• **What you have to do**
All lines holding the word "thesis" should be located in the records and copied.

• **Extracted data**
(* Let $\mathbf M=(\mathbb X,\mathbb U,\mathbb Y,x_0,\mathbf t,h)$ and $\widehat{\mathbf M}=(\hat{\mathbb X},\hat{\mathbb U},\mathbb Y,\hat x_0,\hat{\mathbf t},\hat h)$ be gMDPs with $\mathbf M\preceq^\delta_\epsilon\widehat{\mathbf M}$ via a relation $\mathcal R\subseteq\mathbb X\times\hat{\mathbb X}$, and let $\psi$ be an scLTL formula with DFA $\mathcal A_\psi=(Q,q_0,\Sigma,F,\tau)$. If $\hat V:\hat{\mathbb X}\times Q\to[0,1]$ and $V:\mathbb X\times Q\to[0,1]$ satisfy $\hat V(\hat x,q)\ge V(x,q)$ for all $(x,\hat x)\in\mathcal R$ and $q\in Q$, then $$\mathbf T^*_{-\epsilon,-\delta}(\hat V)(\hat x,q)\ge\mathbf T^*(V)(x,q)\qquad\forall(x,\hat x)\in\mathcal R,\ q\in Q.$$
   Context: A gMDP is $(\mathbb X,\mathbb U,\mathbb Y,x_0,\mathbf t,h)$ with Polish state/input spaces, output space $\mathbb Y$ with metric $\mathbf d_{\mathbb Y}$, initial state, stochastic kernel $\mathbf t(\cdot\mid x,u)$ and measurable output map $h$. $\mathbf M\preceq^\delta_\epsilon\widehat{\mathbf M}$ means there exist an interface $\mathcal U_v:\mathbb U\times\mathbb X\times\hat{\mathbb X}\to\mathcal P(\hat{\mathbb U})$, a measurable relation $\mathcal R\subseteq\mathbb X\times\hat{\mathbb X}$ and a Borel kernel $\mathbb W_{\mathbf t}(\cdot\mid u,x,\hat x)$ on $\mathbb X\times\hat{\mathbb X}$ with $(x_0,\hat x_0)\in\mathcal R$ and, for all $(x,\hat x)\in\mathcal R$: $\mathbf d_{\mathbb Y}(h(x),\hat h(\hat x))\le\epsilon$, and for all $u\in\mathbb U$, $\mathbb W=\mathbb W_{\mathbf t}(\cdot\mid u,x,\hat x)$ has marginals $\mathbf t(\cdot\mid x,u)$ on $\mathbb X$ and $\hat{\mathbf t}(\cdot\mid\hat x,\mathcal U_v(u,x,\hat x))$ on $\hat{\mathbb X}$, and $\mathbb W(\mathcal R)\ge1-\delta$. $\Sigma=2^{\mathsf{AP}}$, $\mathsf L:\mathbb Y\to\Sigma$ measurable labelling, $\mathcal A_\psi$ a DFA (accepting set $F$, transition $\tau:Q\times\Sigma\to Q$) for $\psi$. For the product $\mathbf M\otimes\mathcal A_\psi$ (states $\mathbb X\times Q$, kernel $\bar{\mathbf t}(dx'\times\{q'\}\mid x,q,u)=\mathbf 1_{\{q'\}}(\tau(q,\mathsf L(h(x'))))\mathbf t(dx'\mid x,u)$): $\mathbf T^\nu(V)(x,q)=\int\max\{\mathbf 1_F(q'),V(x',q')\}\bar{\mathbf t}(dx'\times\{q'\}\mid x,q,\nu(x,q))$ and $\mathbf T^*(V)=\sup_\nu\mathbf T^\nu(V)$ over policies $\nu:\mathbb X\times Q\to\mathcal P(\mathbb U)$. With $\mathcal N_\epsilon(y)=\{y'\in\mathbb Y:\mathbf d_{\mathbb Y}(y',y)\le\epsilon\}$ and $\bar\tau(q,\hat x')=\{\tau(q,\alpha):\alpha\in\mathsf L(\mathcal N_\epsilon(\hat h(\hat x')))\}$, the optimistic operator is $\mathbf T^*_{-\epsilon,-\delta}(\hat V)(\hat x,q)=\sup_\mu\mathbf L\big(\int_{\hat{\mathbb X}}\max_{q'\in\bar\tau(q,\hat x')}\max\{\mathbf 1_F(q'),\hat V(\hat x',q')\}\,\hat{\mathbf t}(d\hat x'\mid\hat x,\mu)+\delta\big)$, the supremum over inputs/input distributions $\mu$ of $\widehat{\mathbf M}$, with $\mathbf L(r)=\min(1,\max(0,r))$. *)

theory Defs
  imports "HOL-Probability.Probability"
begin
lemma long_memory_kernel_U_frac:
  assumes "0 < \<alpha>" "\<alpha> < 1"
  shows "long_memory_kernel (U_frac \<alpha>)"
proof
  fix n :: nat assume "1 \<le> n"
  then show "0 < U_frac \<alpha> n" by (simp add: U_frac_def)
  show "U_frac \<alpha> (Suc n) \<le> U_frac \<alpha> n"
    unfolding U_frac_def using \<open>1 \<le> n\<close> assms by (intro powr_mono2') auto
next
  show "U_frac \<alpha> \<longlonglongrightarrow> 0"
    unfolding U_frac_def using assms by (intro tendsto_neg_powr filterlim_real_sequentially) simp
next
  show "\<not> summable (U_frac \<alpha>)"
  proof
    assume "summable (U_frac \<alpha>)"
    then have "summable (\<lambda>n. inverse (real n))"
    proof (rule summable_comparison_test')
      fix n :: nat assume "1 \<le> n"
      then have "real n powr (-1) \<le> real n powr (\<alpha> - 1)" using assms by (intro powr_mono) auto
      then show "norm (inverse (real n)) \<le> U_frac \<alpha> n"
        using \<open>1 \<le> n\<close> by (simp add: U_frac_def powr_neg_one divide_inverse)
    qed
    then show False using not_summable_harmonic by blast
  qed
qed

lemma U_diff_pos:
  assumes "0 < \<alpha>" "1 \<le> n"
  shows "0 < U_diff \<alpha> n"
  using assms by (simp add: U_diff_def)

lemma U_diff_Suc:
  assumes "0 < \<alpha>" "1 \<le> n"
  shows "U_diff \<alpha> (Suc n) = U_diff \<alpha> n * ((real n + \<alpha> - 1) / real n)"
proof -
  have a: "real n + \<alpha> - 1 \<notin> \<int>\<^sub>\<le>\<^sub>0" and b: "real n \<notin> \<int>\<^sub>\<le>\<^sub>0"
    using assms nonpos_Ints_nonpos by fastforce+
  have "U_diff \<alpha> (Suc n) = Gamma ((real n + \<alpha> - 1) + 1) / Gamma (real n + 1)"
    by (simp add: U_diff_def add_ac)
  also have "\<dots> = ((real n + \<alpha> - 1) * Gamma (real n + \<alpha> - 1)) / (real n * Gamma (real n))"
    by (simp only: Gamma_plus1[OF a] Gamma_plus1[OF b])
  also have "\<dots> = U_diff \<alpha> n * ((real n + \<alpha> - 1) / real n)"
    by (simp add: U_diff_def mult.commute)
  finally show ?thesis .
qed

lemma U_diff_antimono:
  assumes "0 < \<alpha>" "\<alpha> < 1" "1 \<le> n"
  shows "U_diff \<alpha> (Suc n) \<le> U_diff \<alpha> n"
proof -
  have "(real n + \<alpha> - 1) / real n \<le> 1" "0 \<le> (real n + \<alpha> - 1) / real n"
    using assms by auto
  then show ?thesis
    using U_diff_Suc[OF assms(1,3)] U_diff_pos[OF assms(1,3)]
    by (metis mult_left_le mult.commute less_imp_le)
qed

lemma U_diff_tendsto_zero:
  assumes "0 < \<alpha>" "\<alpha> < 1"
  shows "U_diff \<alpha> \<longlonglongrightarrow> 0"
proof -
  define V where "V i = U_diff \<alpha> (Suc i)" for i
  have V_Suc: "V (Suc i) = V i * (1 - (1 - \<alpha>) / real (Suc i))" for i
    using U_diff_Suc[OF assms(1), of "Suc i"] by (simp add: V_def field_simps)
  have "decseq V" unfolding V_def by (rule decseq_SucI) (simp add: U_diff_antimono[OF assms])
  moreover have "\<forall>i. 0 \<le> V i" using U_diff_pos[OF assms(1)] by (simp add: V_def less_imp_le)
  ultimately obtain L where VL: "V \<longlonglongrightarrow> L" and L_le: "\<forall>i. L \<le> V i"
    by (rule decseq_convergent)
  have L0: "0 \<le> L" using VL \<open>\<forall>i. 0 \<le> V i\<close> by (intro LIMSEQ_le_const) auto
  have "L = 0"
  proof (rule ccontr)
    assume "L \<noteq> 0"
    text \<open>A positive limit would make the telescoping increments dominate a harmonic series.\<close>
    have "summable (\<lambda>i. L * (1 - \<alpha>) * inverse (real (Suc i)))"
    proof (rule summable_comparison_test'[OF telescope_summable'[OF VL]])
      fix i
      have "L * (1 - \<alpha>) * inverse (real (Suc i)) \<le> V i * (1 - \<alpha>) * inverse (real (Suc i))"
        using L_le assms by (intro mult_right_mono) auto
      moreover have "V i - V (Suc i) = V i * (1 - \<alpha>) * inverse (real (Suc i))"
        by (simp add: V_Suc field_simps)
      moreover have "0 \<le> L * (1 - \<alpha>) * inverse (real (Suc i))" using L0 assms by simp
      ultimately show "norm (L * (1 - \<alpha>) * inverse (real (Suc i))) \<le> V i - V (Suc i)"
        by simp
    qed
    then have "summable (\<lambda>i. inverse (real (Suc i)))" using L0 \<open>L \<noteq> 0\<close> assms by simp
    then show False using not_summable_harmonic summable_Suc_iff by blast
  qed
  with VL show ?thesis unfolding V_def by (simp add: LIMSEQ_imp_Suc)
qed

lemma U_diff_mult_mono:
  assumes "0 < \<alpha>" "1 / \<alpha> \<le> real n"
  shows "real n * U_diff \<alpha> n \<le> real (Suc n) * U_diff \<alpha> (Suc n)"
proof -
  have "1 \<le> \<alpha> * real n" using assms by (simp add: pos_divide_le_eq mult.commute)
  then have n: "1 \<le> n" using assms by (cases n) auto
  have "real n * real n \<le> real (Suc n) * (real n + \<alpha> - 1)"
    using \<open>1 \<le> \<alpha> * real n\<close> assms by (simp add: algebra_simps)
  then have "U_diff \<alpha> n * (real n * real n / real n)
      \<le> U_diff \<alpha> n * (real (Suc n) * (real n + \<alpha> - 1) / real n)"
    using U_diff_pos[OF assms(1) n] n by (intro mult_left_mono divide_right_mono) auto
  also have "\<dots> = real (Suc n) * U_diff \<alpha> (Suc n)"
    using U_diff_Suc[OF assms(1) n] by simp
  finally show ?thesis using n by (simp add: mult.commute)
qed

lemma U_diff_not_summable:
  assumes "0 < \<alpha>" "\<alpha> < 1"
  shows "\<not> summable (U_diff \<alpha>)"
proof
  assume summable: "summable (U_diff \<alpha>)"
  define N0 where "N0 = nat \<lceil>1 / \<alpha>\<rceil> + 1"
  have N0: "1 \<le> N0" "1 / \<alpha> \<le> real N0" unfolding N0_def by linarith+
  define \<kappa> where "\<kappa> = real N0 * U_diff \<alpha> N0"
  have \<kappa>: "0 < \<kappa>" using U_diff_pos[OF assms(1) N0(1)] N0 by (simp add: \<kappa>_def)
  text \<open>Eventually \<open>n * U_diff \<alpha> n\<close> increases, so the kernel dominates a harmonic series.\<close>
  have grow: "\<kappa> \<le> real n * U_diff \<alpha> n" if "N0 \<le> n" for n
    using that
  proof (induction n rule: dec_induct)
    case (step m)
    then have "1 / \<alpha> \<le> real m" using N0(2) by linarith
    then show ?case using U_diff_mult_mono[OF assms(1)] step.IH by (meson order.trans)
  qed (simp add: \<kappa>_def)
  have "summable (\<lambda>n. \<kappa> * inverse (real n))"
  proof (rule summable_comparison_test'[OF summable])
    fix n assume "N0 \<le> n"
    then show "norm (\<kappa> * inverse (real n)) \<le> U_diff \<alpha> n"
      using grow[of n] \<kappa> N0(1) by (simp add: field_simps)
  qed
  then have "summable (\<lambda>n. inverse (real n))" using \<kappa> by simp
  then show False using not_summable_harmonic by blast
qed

• **Reply**
  finally show ?thesis .
  then show ?thesis
  with VL show ?thesis unfolding V_def by (simp add: LIMSEQ_imp_Suc)
  finally show ?thesis using n by (simp add: mult.commute)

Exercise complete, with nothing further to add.